Alistair McGinn

Personal information
- Born: Q4.1952 Wandsworth, London, England

Sport
- Sport: Field hockey
- Position: Midfielder

Senior career
- Years: Team / Caps / Goals
- 1973–1974: St Lukes / - / -
- 1974–1992: Southgate / - / -

National team
- Years: Team / Caps / Goals
- –: England & Great Britain /  / -

= Alistair McGinn =

British field hockey player

Alistair Kirk McGinn (born Q4.1952) is a former British hockey international.

== Biography ==
McGinn was educated at Dane Court Grammar School and played club hockey for St Luke's College, Exeter in Devon.

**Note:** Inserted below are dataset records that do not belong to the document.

(* Let $A\in\mathbb{R}^{n\times n}$, $B\in\mathbb{R}^{n\times m}$, $\bar T>0$, let $\tilde B\in\mathbb{C}^{r\times m}$ be fixed and let $D=\operatorname{diag}(\lambda_1,\ldots,\lambda_r)$, with $\lambda_i+\lambda_j\neq 0$ for all $i,j$ and $\lambda_i\notin\Lambda(-A)$ for all $i$. Let $\tilde P_{\bar T}=\tilde P_{\bar T}(\lambda_1,\dots,\lambda_r)$ and $\tilde P_{2,\bar T}=\tilde P_{2,\bar T}(\lambda_1,\dots,\lambda_r)$ be the solutions of $$A \tilde P_{2, {\bar T}}+ \tilde P_{2, {\bar T}} D =-B \tilde B^T+e^{A \bar T}B \tilde B^T e^{D \bar T},\qquad D\tilde P_{\bar T}+\tilde P_{\bar T} D =-\tilde B \tilde B^T+e^{D \bar T}\tilde B \tilde B^T e^{D \bar T}.$$ Then for each $i\in\{1,\dots,r\}$ the partial derivatives $X^{(i)}:=\partial_{\lambda_i} \tilde P_{\bar T}$ and $X_2^{(i)}:=\partial_{\lambda_i} \tilde P_{2, \bar T}$ solve $$DX^{(i)}+X^{(i)} D =-e_ie_i^T\tilde P_{\bar T}-\tilde P_{\bar T}e_ie_i^T+\bar T e_ie_i^Te^{D \bar T}\tilde B \tilde B^T e^{D \bar T}+\bar Te^{D \bar T}\tilde B \tilde B^T e^{D \bar T}e_ie_i^T,$$ $$A X_2^{(i)}+ X_2^{(i)} D =-\tilde P_{2, {\bar T}} e_ie_i^T+\bar T e^{A \bar T}B \tilde B^T e^{D \bar T}e_ie_i^T,$$ respectively.
   Context: $e_i$ denotes the $i$-th column of the identity matrix of appropriate size. $\Lambda(A)$ is the spectrum of $A$. In the paper's setting $D$ arises from a diagonalization $\hat A=S^{-1}DS$ of a reduced matrix $\hat A$ and $\tilde B=S\hat B$; the derivatives are taken with respect to the eigenvalues $\lambda_i$ with $\tilde B$ held fixed. *)

theory Defs
  imports "HOL-Analysis.Analysis"
begin

(* Matrices are represented as elements of 'a^'cols^'rows (HOL-Analysis),
   with matrix product (**). *)

primrec mat_pow :: "('a::semiring_1)^'n^'n \<Rightarrow> nat \<Rightarrow> 'a^'n^'n" where
  "mat_pow M 0 = mat 1"
| "mat_pow M (Suc k) = M ** mat_pow M k"

definition mexp :: "complex^'n^'n \<Rightarrow> complex^'n^'n" where
  "mexp M = (\<Sum>k. (1 / fact k :: real) *\<^sub>R mat_pow M k)"

definition cspectrum :: "complex^'n^'n \<Rightarrow> complex set" where
  "cspectrum M = {z. \<exists>v. v \<noteq> 0 \<and> M *v v = z *s v}"

definition cmat :: "real^'m^'n \<Rightarrow> complex^'m^'n" where
  "cmat M = (\<chi> i j. complex_of_real (M $ i $ j))"

definition diagm :: "complex^'r \<Rightarrow> complex^'r^'r" where
  "diagm lam = (\<chi> i j. if i = j then lam $ i else 0)"

definition eemat :: "'r \<Rightarrow> complex^'r^'r" where
  "eemat i = (\<chi> j k. if j = i \<and> k = i then 1 else 0)"

definition admissible :: "real^'n^'n \<Rightarrow> complex^'r \<Rightarrow> bool" where
  "admissible A lam \<longleftrightarrow>
     (\<forall>i j. lam $ i + lam $ j \<noteq> 0) \<and> (\<forall>i. lam $ i \<notin> cspectrum (- cmat A))"

end

theory Submission
  imports Defs
begin

text \<open>Along the line \<open>t \<mapsto> \<lambda> + t e\<^sub>i\<close> both equations are Sylvester equations
  \<open>N X + X D = R\<close> with coefficients depending holomorphically on \<open>t\<close>. Column \<open>c\<close> of such an
  equation is the linear system \<open>(N + \<lambda>\<^sub>c I) x = r\<close>, which stays nonsingular near \<open>t = 0\<close> by
  admissibility, so Cramer's rule shows that the solutions are differentiable. Differentiating the
  equations by the product rule, with \<open>\<partial> D = e\<^sub>i e\<^sub>i\<^sup>T\<close> and \<open>\<partial> e\<^bsup>TD\<^esup> = T e\<^bsup>TD\<^esup> e\<^sub>i e\<^sub>i\<^sup>T\<close>, then yields
  the claimed equations.\<close>

lemma matrix_mult_diagm_left: "(diagm u ** M) $ a $ c = u $ a * M $ a $ c"
  by (simp add: matrix_matrix_mult_def diagm_def if_distrib if_distribR cong: if_cong)

lemma matrix_mult_diagm_right: "(M ** diagm u) $ a $ c = M $ a $ c * u $ c"
  by (simp add: matrix_matrix_mult_def diagm_def if_distrib if_distribR cong: if_cong)

lemma diagm_mult_diagm: "diagm u ** diagm v = diagm (\<chi> j. u $ j * v $ j)"
  by (simp add: vec_eq_iff matrix_mult_diagm_left) (simp add: diagm_def)

lemma diagm_mult_commute: "diagm u ** diagm v = diagm v ** diagm u"
  by (simp add: diagm_mult_diagm mult.commute)

lemma scaleR_diagm: "c *\<^sub>R diagm v = diagm (c *\<^sub>R v)"
  by (simp add: vec_eq_iff diagm_def)

lemma axis_zero [simp]: "axis i 0 = 0"
  by (simp add: vec_eq_iff axis_def)

lemma eemat_eq_diagm_axis: "eemat i = diagm (axis i 1)"
  by (simp add: vec_eq_iff eemat_def diagm_def axis_def)

lemma mat_pow_diagm: "mat_pow (diagm v) k = diagm (\<chi> j. v $ j ^ k)"
proof (induction k)
  case 0
  show ?case by (simp add: vec_eq_iff diagm_def mat_def)
next
  case (Suc k)
  then show ?case by (simp add: diagm_mult_diagm)
qed

lemma mexp_diagm: "mexp (diagm v) = diagm (\<chi> j. exp (v $ j))"
proof -
  have "(\<lambda>n. \<Sum>k<n. (1 / fact k :: real) *\<^sub>R mat_pow (diagm v) k)
      = (\<lambda>n. \<chi> a b. if a = b then \<Sum>k<n. v $ a ^ k /\<^sub>R fact k else 0)"
    unfolding mat_pow_diagm
    by (auto simp: vec_eq_iff sum_component diagm_def divide_inverse_commute intro!: sum.cong)
  also have "\<dots> \<longlonglongrightarrow> diagm (\<chi> j. exp (v $ j))"
    unfolding diagm_def by (intro tendsto_vec_lambda) (auto simp: exp_converges[unfolded sums_def])
  finally show ?thesis
    unfolding mexp_def sums_def[symmetric] by (rule sums_unique[symmetric])
qed

lemma matrix_vector_mult_mat: "mat s *v v = s *s v"
  by (simp add: vec_eq_iff matrix_vector_mult_def mat_def if_distrib[where f = "\<lambda>a. a * _"]
      cong: if_cong)

lemma notin_cspectrum_uminus_iff: "s \<notin> cspectrum (- M) \<longleftrightarrow> det (M + mat s) \<noteq> 0"
proof -
  have "(- M) *v v = - (M *v v)" for v
    by (simp add: vec_eq_iff matrix_vector_mult_def sum_negf)
  then have "(M + mat s) *v v = 0 \<longleftrightarrow> (- M) *v v = s *s v" for v
    by (simp add: matrix_vector_mult_add_rdistrib matrix_vector_mult_mat add_eq_0_iff
        eq_commute[of "s *s v"])
  then show ?thesis
    unfolding invertible_det_nz[symmetric] invertible_left_inverse matrix_left_invertible_ker
      cspectrum_def by auto
qed

lemma sylvester_column:
  "column c (N ** Q + Q ** diagm m) = (N + mat (m $ c)) *v column c Q"
  by (simp add: vec_eq_iff column_def matrix_vector_mult_add_rdistrib matrix_vector_mult_mat
      matrix_mult_diagm_right)
    (simp add: matrix_vector_mult_def matrix_matrix_mult_def mult.commute)

definition has_entrywise_derivative ::
    "(complex \<Rightarrow> complex^'m^'n) \<Rightarrow> complex^'m^'n \<Rightarrow> complex \<Rightarrow> bool" where
  "has_entrywise_derivative F F' z \<longleftrightarrow>
     (\<forall>j k. ((\<lambda>t. F t $ j $ k) has_field_derivative F' $ j $ k) (at z))"

lemma has_entrywise_derivative_imp_field_differentiable:
  "has_entrywise_derivative F F' z \<Longrightarrow> (\<lambda>t. F t $ j $ k) field_differentiable (at z)"
  unfolding has_entrywise_derivative_def field_differentiable_def by blast

lemma has_entrywise_derivative_const: "has_entrywise_derivative (\<lambda>t. C) 0 z"
  by (simp add: has_entrywise_derivative_def)

lemma has_entrywise_derivative_add:
  "has_entrywise_derivative F F' z \<Longrightarrow> has_entrywise_derivative G G' z \<Longrightarrow>
    has_entrywise_derivative (\<lambda>t. F t + G t) (F' + G') z"
  by (simp add: has_entrywise_derivative_def DERIV_add)

lemma has_entrywise_derivative_mult:
  assumes "has_entrywise_derivative F F' z" "has_entrywise_derivative G G' z"
  shows "has_entrywise_derivative (\<lambda>t. F t ** G t) (F' ** G z + F z ** G') z"
  using assms unfolding has_entrywise_derivative_def matrix_matrix_mult_def
  by (auto simp: sum.distrib ac_simps intro!: DERIV_sum derivative_eq_intros)

lemma has_entrywise_derivative_mult_const_left:
  "has_entrywise_derivative F F' z \<Longrightarrow> has_entrywise_derivative (\<lambda>t. C ** F t) (C ** F') z"
  using has_entrywise_derivative_mult[OF has_entrywise_derivative_const] by fastforce

lemma has_entrywise_derivative_mult_const_right:
  "has_entrywise_derivative F F' z \<Longrightarrow> has_entrywise_derivative (\<lambda>t. F t ** C) (F' ** C) z"
  using has_entrywise_derivative_mult[OF _ has_entrywise_derivative_const] by fastforce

He was a physical education teacher at Slough Grammar School.

He signed to play for Southgate Hockey Club in the Men's England Hockey League and won back to back league titles with the club in 1976–77 and 1977–78.

He was part of the Southgate team that won the EuroHockey Club Champions Cup for three successive years in 1976, 1977 and 1978.

Still at Southgate he was selected by England for the 1978 Men's Hockey World Cup. He continued to play for Southgate and was a member of their veteran team.

His brother Ian McGinn played for England and his nephew (twin brother Gordon's son) Oliver played hockey for Chelmsford Hockey Club.